(* Let $\mathcal{G}$ be an additive arithmetical semigroup satisfying Axiom $A^{\#}$ (constants $c_{\mathcal{G}}>0$, $q>1$) with $Z_{\mathcal{G}}(-q^{-1})\ne0$ and norm $\|g\|=q^{\partial(g)}$, and let $R(n,m)=\sum_{0\le\partial(g)\le n,\ d_-(g)>m}\mu(g)/\|g\|$. There is a constant $0\le\eta<1$ depending only on $\mathcal{G}$ such that for every $\varepsilon>0$, $$R(n,m)\ll_{\varepsilon} q^{(\eta-1+\varepsilon)n}$$ for all sufficiently large $n$ and all integers $0\le m\le\log\log n$.
   Context: An additive arithmetical semigroup is a commutative monoid $\mathcal{G}$ (written additively, identity $e_{\mathcal{G}}$) freely generated by a countable set $\mathcal{P}$ of primes, with an additive degree map $\partial\colon\mathcal{G}\to\mathbb{Z}_{\ge0}$, $\partial(e_{\mathcal{G}})=0$, $\partial(P)>0$ for primes, finitely many elements of each degree. Axiom $A^{\#}$: $\#\{g:\partial(g)=n\}=c_{\mathcal{G}}q^n+O(q^{\eta_0 n})$ for some $0\le\eta_0<1$. $Z_{\mathcal{G}}(z)=\prod_P(1-z^{\partial(P)})^{-1}$ (meromorphically continued). $P\mid g$ means $g=P+r$. $d_-(g)=\min\{\partial(P):P\mid g\}$ for $g\ne e_{\mathcal{G}}$, and $e_{\mathcal{G}}$ is included in the sum defining $R(n,m)$ (convention $d_-(e_{\mathcal{G}})=\infty$). $\mu$ is the Möbius function on $\mathcal{G}$. *)

theory Defs
  imports "HOL-Analysis.Analysis" "HOL-Library.Multiset" "HOL-Library.Extended_Nat"
begin

text \<open>An additive arithmetical semigroup is modelled (up to isomorphism) as the free
commutative monoid of finite multisets over a type of primes \<open>'p\<close>, with a degree
function \<open>deg\<close> on primes extended additively.\<close>

definition degG :: "('p \<Rightarrow> nat) \<Rightarrow> 'p multiset \<Rightarrow> nat" where
  "degG deg g = sum_mset (image_mset deg g)"

definition arith_semigroup :: "('p \<Rightarrow> nat) \<Rightarrow> bool" where
  "arith_semigroup deg \<longleftrightarrow> (\<forall>p. deg p > 0) \<and> (\<forall>n. finite {g :: 'p multiset. degG deg g = n})"

definition G_count :: "('p \<Rightarrow> nat) \<Rightarrow> nat \<Rightarrow> nat" where
  "G_count deg n = card {g :: 'p multiset. degG deg g = n}"

definition axiom_A_sharp :: "('p \<Rightarrow> nat) \<Rightarrow> real \<Rightarrow> real \<Rightarrow> bool" where
  "axiom_A_sharp deg c q \<longleftrightarrow>
     (\<exists>\<eta>0 C. 0 \<le> \<eta>0 \<and> \<eta>0 < 1 \<and>
        (\<forall>n. \<bar>real (G_count deg n) - c * q ^ n\<bar> \<le> C * q powr (\<eta>0 * real n)))"

text \<open>Z_G(z) = prod_P (1 - z^deg P)^(-1) = sum_n G(n) z^n for |z| < 1/q.\<close>
definition Z_series :: "('p \<Rightarrow> nat) \<Rightarrow> complex \<Rightarrow> complex" where
  "Z_series deg z = (\<Sum>n. of_nat (G_count deg n) * z ^ n)"

text \<open>The (meromorphic) continuation of Z_G, from the disc of convergence |z| < 1/q,
  takes a nonzero value at w: some holomorphic function on a connected open set containing
  the disc and w agrees with Z_G on the disc and is nonzero at w (this value is independent
  of the choice of continuation by the identity theorem).\<close>
definition Z_cont_nonzero_at :: "('p \<Rightarrow> nat) \<Rightarrow> real \<Rightarrow> complex \<Rightarrow> bool" where
  "Z_cont_nonzero_at deg q w \<longleftrightarrow>
     (\<exists>S F. open S \<and> connected S \<and> ball 0 (1 / q) \<subseteq> S \<and> w \<in> S \<and> F holomorphic_on S \<and>
        (\<forall>z\<in>ball 0 (1 / q). F z = Z_series deg z) \<and> F w \<noteq> 0)"
lemma solves_ode_unique:
  fixes B :: "complex \<Rightarrow> complex^'n^'n"
  assumes W: "open W" "connected W" and hol: "\<And>i j. (\<lambda>t. B t $ i $ j) holomorphic_on W"
    and y: "solves_ode B W y" and z: "solves_ode B W z" and "t1 \<in> W" "y t1 = z t1" "t \<in> W"
  shows "y t = z t"
proof -
  have sol: "solves_ode B W (\<lambda>t. y t - z t)" by (rule solves_ode_diff[OF y z])
  obtain \<rho> where \<rho>: "\<rho> > 0" "ball t1 \<rho> \<subseteq> W" "\<And>s. s \<in> ball t1 \<rho> \<Longrightarrow> y s - z s = 0"
    using solves_ode_zero_near[OF W(1) hol sol \<open>t1 \<in> W\<close>] \<open>y t1 = z t1\<close> by auto
  have "y t $ i - z t $ i = 0" for i
    using analytic_continuation_open[where f = "\<lambda>s. y s $ i - z s $ i" and g = "\<lambda>_. 0",
        OF open_ball W(1) _ W(2) \<rho>(2) _ _ _ \<open>t \<in> W\<close>]
      solves_ode_holomorphic[OF sol W(1)] \<rho>(1,3) by (simp add: vec_eq_iff)
  then show ?thesis by (simp add: vec_eq_iff)
qed

section \<open>Rational sections and the operator \<open>\<nabla>\<close>\<close>

lemma rational_on_const: "rational_on S (\<lambda>t. c)"
  unfolding rational_on_def by (intro exI[of _ "[:c:]"] exI[of _ 1]) simp

lemma rational_on_add:
  assumes "rational_on S f" "rational_on S g"
  shows "rational_on S (\<lambda>t. f t + g t)"
proof -
  obtain p1 q1 p2 q2 where
    "\<And>t. t \<in> S \<Longrightarrow> poly q1 t \<noteq> 0 \<and> f t = poly p1 t / poly q1 t"
    "\<And>t. t \<in> S \<Longrightarrow> poly q2 t \<noteq> 0 \<and> g t = poly p2 t / poly q2 t"
    using assms unfolding rational_on_def by metis
  then have "\<forall>t\<in>S. poly (q1 * q2) t \<noteq> 0 \<and> f t + g t = poly (p1 * q2 + p2 * q1) t / poly (q1 * q2) t"
    by (simp add: field_simps)
  then show ?thesis unfolding rational_on_def by blast
qed

lemma rational_on_mult:
  assumes "rational_on S f" "rational_on S g"
  shows "rational_on S (\<lambda>t. f t * g t)"
proof -
  obtain p1 q1 p2 q2 where
    "\<And>t. t \<in> S \<Longrightarrow> poly q1 t \<noteq> 0 \<and> f t = poly p1 t / poly q1 t"
    "\<And>t. t \<in> S \<Longrightarrow> poly q2 t \<noteq> 0 \<and> g t = poly p2 t / poly q2 t"
    using assms unfolding rational_on_def by metis
  then have "\<forall>t\<in>S. poly (q1 * q2) t \<noteq> 0 \<and> f t * g t = poly (p1 * p2) t / poly (q1 * q2) t"
    by simp
  then show ?thesis unfolding rational_on_def by blast
qed

lemma rational_on_sum:
  "finite I \<Longrightarrow> (\<And>i. i \<in> I \<Longrightarrow> rational_on S (f i)) \<Longrightarrow> rational_on S (\<lambda>t. \<Sum>i\<in>I. f i t)"
  by (induction I rule: finite_induct) (auto intro: rational_on_const rational_on_add)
-----
§ **Exercise instructions**:
Give back every line of the data above exactly as written.

§ **Task response**:
(* Let $\mathcal{G}$ be an additive arithmetical semigroup satisfying Axiom $A^{\#}$ (constants $c_{\mathcal{G}}>0$, $q>1$) with $Z_{\mathcal{G}}(-q^{-1})\ne0$ and norm $\|g\|=q^{\partial(g)}$, and let $R(n,m)=\sum_{0\le\partial(g)\le n,\ d_-(g)>m}\mu(g)/\|g\|$. There is a constant $0\le\eta<1$ depending only on $\mathcal{G}$ such that for every $\varepsilon>0$, $$R(n,m)\ll_{\varepsilon} q^{(\eta-1+\varepsilon)n}$$ for all sufficiently large $n$ and all integers $0\le m\le\log\log n$.
   Context: An additive arithmetical semigroup is a commutative monoid $\mathcal{G}$ (written additively, identity $e_{\mathcal{G}}$) freely generated by a countable set $\mathcal{P}$ of primes, with an additive degree map $\partial\colon\mathcal{G}\to\mathbb{Z}_{\ge0}$, $\partial(e_{\mathcal{G}})=0$, $\partial(P)>0$ for primes, finitely many elements of each degree. Axiom $A^{\#}$: $\#\{g:\partial(g)=n\}=c_{\mathcal{G}}q^n+O(q^{\eta_0 n})$ for some $0\le\eta_0<1$. $Z_{\mathcal{G}}(z)=\prod_P(1-z^{\partial(P)})^{-1}$ (meromorphically continued). $P\mid g$ means $g=P+r$. $d_-(g)=\min\{\partial(P):P\mid g\}$ for $g\ne e_{\mathcal{G}}$, and $e_{\mathcal{G}}$ is included in the sum defining $R(n,m)$ (convention $d_-(e_{\mathcal{G}})=\infty$). $\mu$ is the Möbius function on $\mathcal{G}$. *)

theory Defs
  imports "HOL-Analysis.Analysis" "HOL-Library.Multiset" "HOL-Library.Extended_Nat"
begin

text \<open>An additive arithmetical semigroup is modelled (up to isomorphism) as the free
commutative monoid of finite multisets over a type of primes \<open>'p\<close>, with a degree
function \<open>deg\<close> on primes extended additively.\<close>

definition degG :: "('p \<Rightarrow> nat) \<Rightarrow> 'p multiset \<Rightarrow> nat" where
  "degG deg g = sum_mset (image_mset deg g)"

definition arith_semigroup :: "('p \<Rightarrow> nat) \<Rightarrow> bool" where
  "arith_semigroup deg \<longleftrightarrow> (\<forall>p. deg p > 0) \<and> (\<forall>n. finite {g :: 'p multiset. degG deg g = n})"

definition G_count :: "('p \<Rightarrow> nat) \<Rightarrow> nat \<Rightarrow> nat" where
  "G_count deg n = card {g :: 'p multiset. degG deg g = n}"

definition axiom_A_sharp :: "('p \<Rightarrow> nat) \<Rightarrow> real \<Rightarrow> real \<Rightarrow> bool" where
  "axiom_A_sharp deg c q \<longleftrightarrow>
     (\<exists>\<eta>0 C. 0 \<le> \<eta>0 \<and> \<eta>0 < 1 \<and>
        (\<forall>n. \<bar>real (G_count deg n) - c * q ^ n\<bar> \<le> C * q powr (\<eta>0 * real n)))"

text \<open>Z_G(z) = prod_P (1 - z^deg P)^(-1) = sum_n G(n) z^n for |z| < 1/q.\<close>
definition Z_series :: "('p \<Rightarrow> nat) \<Rightarrow> complex \<Rightarrow> complex" where
  "Z_series deg z = (\<Sum>n. of_nat (G_count deg n) * z ^ n)"

text \<open>The (meromorphic) continuation of Z_G, from the disc of convergence |z| < 1/q,
  takes a nonzero value at w: some holomorphic function on a connected open set containing
  the disc and w agrees with Z_G on the disc and is nonzero at w (this value is independent
  of the choice of continuation by the identity theorem).\<close>
definition Z_cont_nonzero_at :: "('p \<Rightarrow> nat) \<Rightarrow> real \<Rightarrow> complex \<Rightarrow> bool" where
  "Z_cont_nonzero_at deg q w \<longleftrightarrow>
     (\<exists>S F. open S \<and> connected S \<and> ball 0 (1 / q) \<subseteq> S \<and> w \<in> S \<and> F holomorphic_on S \<and>
        (\<forall>z\<in>ball 0 (1 / q). F z = Z_series deg z) \<and> F w \<noteq> 0)"
lemma solves_ode_unique:
  fixes B :: "complex \<Rightarrow> complex^'n^'n"
  assumes W: "open W" "connected W" and hol: "\<And>i j. (\<lambda>t. B t $ i $ j) holomorphic_on W"
    and y: "solves_ode B W y" and z: "solves_ode B W z" and "t1 \<in> W" "y t1 = z t1" "t \<in> W"
  shows "y t = z t"
proof -
  have sol: "solves_ode B W (\<lambda>t. y t - z t)" by (rule solves_ode_diff[OF y z])
  obtain \<rho> where \<rho>: "\<rho> > 0" "ball t1 \<rho> \<subseteq> W" "\<And>s. s \<in> ball t1 \<rho> \<Longrightarrow> y s - z s = 0"
    using solves_ode_zero_near[OF W(1) hol sol \<open>t1 \<in> W\<close>] \<open>y t1 = z t1\<close> by auto
  have "y t $ i - z t $ i = 0" for i
    using analytic_continuation_open[where f = "\<lambda>s. y s $ i - z s $ i" and g = "\<lambda>_. 0",
        OF open_ball W(1) _ W(2) \<rho>(2) _ _ _ \<open>t \<in> W\<close>]
      solves_ode_holomorphic[OF sol W(1)] \<rho>(1,3) by (simp add: vec_eq_iff)
  then show ?thesis by (simp add: vec_eq_iff)
qed

section \<open>Rational sections and the operator \<open>\<nabla>\<close>\<close>

lemma rational_on_const: "rational_on S (\<lambda>t. c)"
  unfolding rational_on_def by (intro exI[of _ "[:c:]"] exI[of _ 1]) simp

lemma rational_on_add:
  assumes "rational_on S f" "rational_on S g"
  shows "rational_on S (\<lambda>t. f t + g t)"
proof -
  obtain p1 q1 p2 q2 where
    "\<And>t. t \<in> S \<Longrightarrow> poly q1 t \<noteq> 0 \<and> f t = poly p1 t / poly q1 t"
    "\<And>t. t \<in> S \<Longrightarrow> poly q2 t \<noteq> 0 \<and> g t = poly p2 t / poly q2 t"
    using assms unfolding rational_on_def by metis
  then have "\<forall>t\<in>S. poly (q1 * q2) t \<noteq> 0 \<and> f t + g t = poly (p1 * q2 + p2 * q1) t / poly (q1 * q2) t"
    by (simp add: field_simps)
  then show ?thesis unfolding rational_on_def by blast
qed

lemma rational_on_mult:
  assumes "rational_on S f" "rational_on S g"
  shows "rational_on S (\<lambda>t. f t * g t)"
proof -
  obtain p1 q1 p2 q2 where
    "\<And>t. t \<in> S \<Longrightarrow> poly q1 t \<noteq> 0 \<and> f t = poly p1 t / poly q1 t"
    "\<And>t. t \<in> S \<Longrightarrow> poly q2 t \<noteq> 0 \<and> g t = poly p2 t / poly q2 t"
    using assms unfolding rational_on_def by metis
  then have "\<forall>t\<in>S. poly (q1 * q2) t \<noteq> 0 \<and> f t * g t = poly (p1 * p2) t / poly (q1 * q2) t"
    by simp
  then show ?thesis unfolding rational_on_def by blast
qed

lemma rational_on_sum:
  "finite I \<Longrightarrow> (\<And>i. i \<in> I \<Longrightarrow> rational_on S (f i)) \<Longrightarrow> rational_on S (\<lambda>t. \<Sum>i\<in>I. f i t)"
  by (induction I rule: finite_induct) (auto intro: rational_on_const rational_on_add)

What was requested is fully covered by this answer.